___ Source material ___

theorem proposition2:
  fixes N :: nat
    and E :: "nat set set"
    and A :: "nat \<Rightarrow> 'a set"
    and g :: "nat \<Rightarrow> 'a \<Rightarrow> 'b"
    and p :: "(nat \<Rightarrow> 'a) pmf"
  assumes edges: "\<forall>e\<in>E. e \<subseteq> {1..N} \<and> card e = 2"
    and alph_fin: "\<forall>i\<in>{1..N}. finite (A i)"
    and support: "set_pmf p \<subseteq> PiE {1..N} A"
    and mrf: "markov_random_field {1..N} E p"
    and ent: "\<forall>i\<in>{1..N}.
       cond_entropy p (\<lambda>x. g i (x i)) (\<lambda>x. \<lambda>j\<in>nbrs E i. g j (x j))
     = cond_entropy p (\<lambda>x. g i (x i)) (\<lambda>x. restrict x (nbrs E i))"
  shows "markov_random_field {1..N} E (map_pmf (\<lambda>x j. g j (x j)) p)"
  unfolding markov_random_field_def
proof (intro ballI allI impI)
  let ?V = "{1..N}" and ?Y = "\<lambda>x j. g j (x j)"
  fix i y a
  assume i: "i \<in> ?V" and pos: "0 < measure_pmf.prob (map_pmf ?Y p) (agree_on (?V - {i}) y)"
  have fin: "finite (set_pmf p)"
    by (rule finite_subset[OF support], rule finite_PiE) (use alph_fin in auto)
  have nbrs: "nbrs E i \<subseteq> ?V - {i}"
    using edges unfolding nbrs_def by auto
  obtain x0 where x0: "x0 \<in> set_pmf p"
    and reduce: "\<And>T. T \<subseteq> ?V - {i} \<Longrightarrow> cond_prob (map_pmf ?Y p) i a T y
                   = pmf_cond_prob p (\<lambda>z. restrict (?Y z) T) (\<lambda>z. g i (z i)) a x0"
    by (rule cond_prob_map_pmf_witness[OF fin pos]) blast
  have "pmf_cond_prob p (\<lambda>z. restrict (?Y z) (?V - {i})) (\<lambda>z. g i (z i)) a x0
      = pmf_cond_prob p (\<lambda>z. restrict (?Y z) (nbrs E i)) (\<lambda>z. g i (z i)) a x0"
    unfolding pmf_cond_prob_def
    by (rule pmf_cond_exp_eq_if_between[OF fin x0
          determines_restrict[OF order_refl, where F="\<lambda>j x. x"]
          determines_restrict[OF nbrs, where G="\<lambda>j y. y"]])
       (rule pmf_cond_prob_image_rest_eq_image_nbrs[OF fin mrf i ent[rule_format, OF i],
          unfolded pmf_cond_prob_def])
  then show "cond_prob (map_pmf ?Y p) i a (?V - {i}) y = cond_prob (map_pmf ?Y p) i a (nbrs E i) y"
    using reduce[OF order_refl] reduce[OF nbrs] by simp
qed

end
definition usual_filtered_space :: "'a measure \<Rightarrow> (real \<Rightarrow> 'a measure) \<Rightarrow> real \<Rightarrow> bool" where
  "usual_filtered_space M F T \<longleftrightarrow>
     prob_space M \<and> 0 < T \<and>
     (\<forall>t\<in>{0..T}. subalgebra M (F t)) \<and>
     (\<forall>s t. 0 \<le> s \<and> s \<le> t \<and> t \<le> T \<longrightarrow> sets (F s) \<subseteq> sets (F t)) \<and>
     (\<forall>t\<in>{0..<T}. sets (F t) = (\<Inter>s\<in>{t<..T}. sets (F s))) \<and>
     (\<forall>N A. N \<in> null_sets M \<and> A \<subseteq> N \<longrightarrow> A \<in> sets (F 0)) \<and>
     sets (F T) = sets M \<and>
     (\<forall>A\<in>sets (F 0). measure M A = 0 \<or> measure M A = 1)"

definition stop_times :: "'a measure \<Rightarrow> (real \<Rightarrow> 'a measure) \<Rightarrow> real \<Rightarrow> ('a \<Rightarrow> real) set" where
  "stop_times M F T = {\<theta>. (\<forall>\<omega>\<in>space M. 0 \<le> \<theta> \<omega> \<and> \<theta> \<omega> \<le> T) \<and>
      (\<forall>t\<in>{0..T}. {\<omega>\<in>space M. \<theta> \<omega> \<le> t} \<in> sets (F t))}"

definition stop_times_from :: "'a measure \<Rightarrow> (real \<Rightarrow> 'a measure) \<Rightarrow> real \<Rightarrow> ('a \<Rightarrow> real) \<Rightarrow> ('a \<Rightarrow> real) set" where
  "stop_times_from M F T S = {\<theta> \<in> stop_times M F T. AE \<omega> in M. S \<omega> \<le> \<theta> \<omega>}"

definition stop_sigma :: "'a measure \<Rightarrow> (real \<Rightarrow> 'a measure) \<Rightarrow> real \<Rightarrow> ('a \<Rightarrow> real) \<Rightarrow> 'a measure" where
  "stop_sigma M F T \<theta> = sigma (space M)
     {A \<in> sets M. \<forall>t\<in>{0..T}. {\<omega>\<in>A. \<theta> \<omega> \<le> t} \<in> sets (F t)}"

definition admissible :: "'a measure \<Rightarrow> (real \<Rightarrow> 'a measure) \<Rightarrow> real \<Rightarrow> (('a \<Rightarrow> real) \<Rightarrow> 'a \<Rightarrow> ereal) \<Rightarrow> bool" where
  "admissible M F T \<phi> \<longleftrightarrow>
     (\<forall>\<theta>\<in>stop_times M F T. \<phi> \<theta> \<in> borel_measurable (stop_sigma M F T \<theta>)) \<and>
     (\<forall>\<theta>\<in>stop_times M F T. \<forall>\<theta>'\<in>stop_times M F T.
        AE \<omega> in M. \<theta> \<omega> = \<theta>' \<omega> \<longrightarrow> \<phi> \<theta> \<omega> = \<phi> \<theta>' \<omega>)"

definition is_esssup :: "'a measure \<Rightarrow> ('a \<Rightarrow> ereal) set \<Rightarrow> ('a \<Rightarrow> ereal) \<Rightarrow> bool" where
  "is_esssup M Xs Z \<longleftrightarrow>
     Z \<in> borel_measurable M \<and>
     (\<forall>X\<in>Xs. AE \<omega> in M. X \<omega> \<le> Z \<omega>) \<and>
     (\<forall>W\<in>borel_measurable M. (\<forall>X\<in>Xs. AE \<omega> in M. X \<omega> \<le> W \<omega>) \<longrightarrow> (AE \<omega> in M. Z \<omega> \<le> W \<omega>))"

text \<open>Generalised conditional expectation of an extended-real random variable:
E[X^+ | G] - E[X^- | G] (well defined whenever one of the two parts is finite).\<close>
definition cond_exp_ereal :: "'a measure \<Rightarrow> 'a measure \<Rightarrow> ('a \<Rightarrow> ereal) \<Rightarrow> 'a \<Rightarrow> ereal" where
  "cond_exp_ereal M G X = (\<lambda>\<omega>.
     enn2ereal (nn_cond_exp M G (\<lambda>x. e2ennreal (X x)) \<omega>)
     - enn2ereal (nn_cond_exp M G (\<lambda>x. e2ennreal (- X x)) \<omega>))"

end

theory Submission
  imports Defs
begin

text \<open>Both recursions are monotone: if \<open>J n \<le> J (n+1)\<close> and \<open>J' n \<le> J' (n+1)\<close> a.s. at every
stopping time, then the conditional expectations entering the next step are ordered, hence so are
their essential suprema. For the base case \<open>0 \<le> J 1, J' 1\<close> it suffices to look at the single
member of each supremum given by the terminal time \<open>\<tau> = T\<close>, where \<open>\<xi>(T) = \<zeta>(T) = 0\<close>.\<close>

lemma is_esssup_measurable: "is_esssup M Xs Z \<Longrightarrow> Z \<in> borel_measurable M"
  unfolding is_esssup_def by blast

lemma is_esssup_upper: "is_esssup M Xs Z \<Longrightarrow> X \<in> Xs \<Longrightarrow> AE \<omega> in M. X \<omega> \<le> Z \<omega>"
  unfolding is_esssup_def by blast

lemma is_esssup_least:
  assumes "is_esssup M Xs Z" "W \<in> borel_measurable M"
    and "\<And>X. X \<in> Xs \<Longrightarrow> AE \<omega> in M. X \<omega> \<le> W \<omega>"
  shows "AE \<omega> in M. Z \<omega> \<le> W \<omega>"
  using assms unfolding is_esssup_def by blast

lemma is_esssup_mono:
  assumes Z: "is_esssup M Xs Z" and W: "is_esssup M Ys W"
    and dominated: "\<And>X. X \<in> Xs \<Longrightarrow> \<exists>Y\<in>Ys. AE \<omega> in M. X \<omega> \<le> Y \<omega>"
  shows "AE \<omega> in M. Z \<omega> \<le> W \<omega>"
proof (rule is_esssup_least[OF Z is_esssup_measurable[OF W]])
  fix X assume "X \<in> Xs"
  then obtain Y where "Y \<in> Ys" and XY: "AE \<omega> in M. X \<omega> \<le> Y \<omega>"
    using dominated by blast
  show "AE \<omega> in M. X \<omega> \<le> W \<omega>"
    using XY is_esssup_upper[OF W \<open>Y \<in> Ys\<close>] by eventually_elim (rule order_trans)
qed

lemma cond_exp_ereal_mono:
  assumes "prob_space M" "subalgebra M G"
    and X: "X \<in> borel_measurable M" and Y: "Y \<in> borel_measurable M"
    and le: "AE x in M. X x \<le> Y x"
  shows "AE x in M. cond_exp_ereal M G X x \<le> cond_exp_ereal M G Y x"
proof -
  interpret finite_measure_subalgebra M G
    using assms unfolding finite_measure_subalgebra_def finite_measure_subalgebra_axioms_def
    by (simp add: prob_space_def)
  have "AE x in M. nn_cond_exp M G (\<lambda>x. e2ennreal (X x)) x
                   \<le> nn_cond_exp M G (\<lambda>x. e2ennreal (Y x)) x"
    by (rule nn_cond_exp_mono) (use le X Y in \<open>auto intro: e2ennreal_mono\<close>)
  moreover have "AE x in M. nn_cond_exp M G (\<lambda>x. e2ennreal (- Y x)) x
                            \<le> nn_cond_exp M G (\<lambda>x. e2ennreal (- X x)) x"
    by (rule nn_cond_exp_mono) (use le X Y in \<open>auto intro!: e2ennreal_mono elim!: AE_mp\<close>)
  ultimately show ?thesis
    unfolding cond_exp_ereal_def
    by eventually_elim (auto intro!: ereal_minus_mono simp: less_eq_ennreal.rep_eq)
qed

___

__Problem__:
Reproduce the entries above exactly, but only the lines between the line holding "(?Y z) (nbrs" and the line holding "(\<forall>s t. 0", inclusive.

__The answer__:
      = pmf_cond_prob p (\<lambda>z. restrict (?Y z) (nbrs E i)) (\<lambda>z. g i (z i)) a x0"
    unfolding pmf_cond_prob_def
    by (rule pmf_cond_exp_eq_if_between[OF fin x0
          determines_restrict[OF order_refl, where F="\<lambda>j x. x"]
          determines_restrict[OF nbrs, where G="\<lambda>j y. y"]])
       (rule pmf_cond_prob_image_rest_eq_image_nbrs[OF fin mrf i ent[rule_format, OF i],
          unfolded pmf_cond_prob_def])
  then show "cond_prob (map_pmf ?Y p) i a (?V - {i}) y = cond_prob (map_pmf ?Y p) i a (nbrs E i) y"
    using reduce[OF order_refl] reduce[OF nbrs] by simp
qed

end
definition usual_filtered_space :: "'a measure \<Rightarrow> (real \<Rightarrow> 'a measure) \<Rightarrow> real \<Rightarrow> bool" where
  "usual_filtered_space M F T \<longleftrightarrow>
     prob_space M \<and> 0 < T \<and>
     (\<forall>t\<in>{0..T}. subalgebra M (F t)) \<and>
     (\<forall>s t. 0 \<le> s \<and> s \<le> t \<and> t \<le> T \<longrightarrow> sets (F s) \<subseteq> sets (F t)) \<and>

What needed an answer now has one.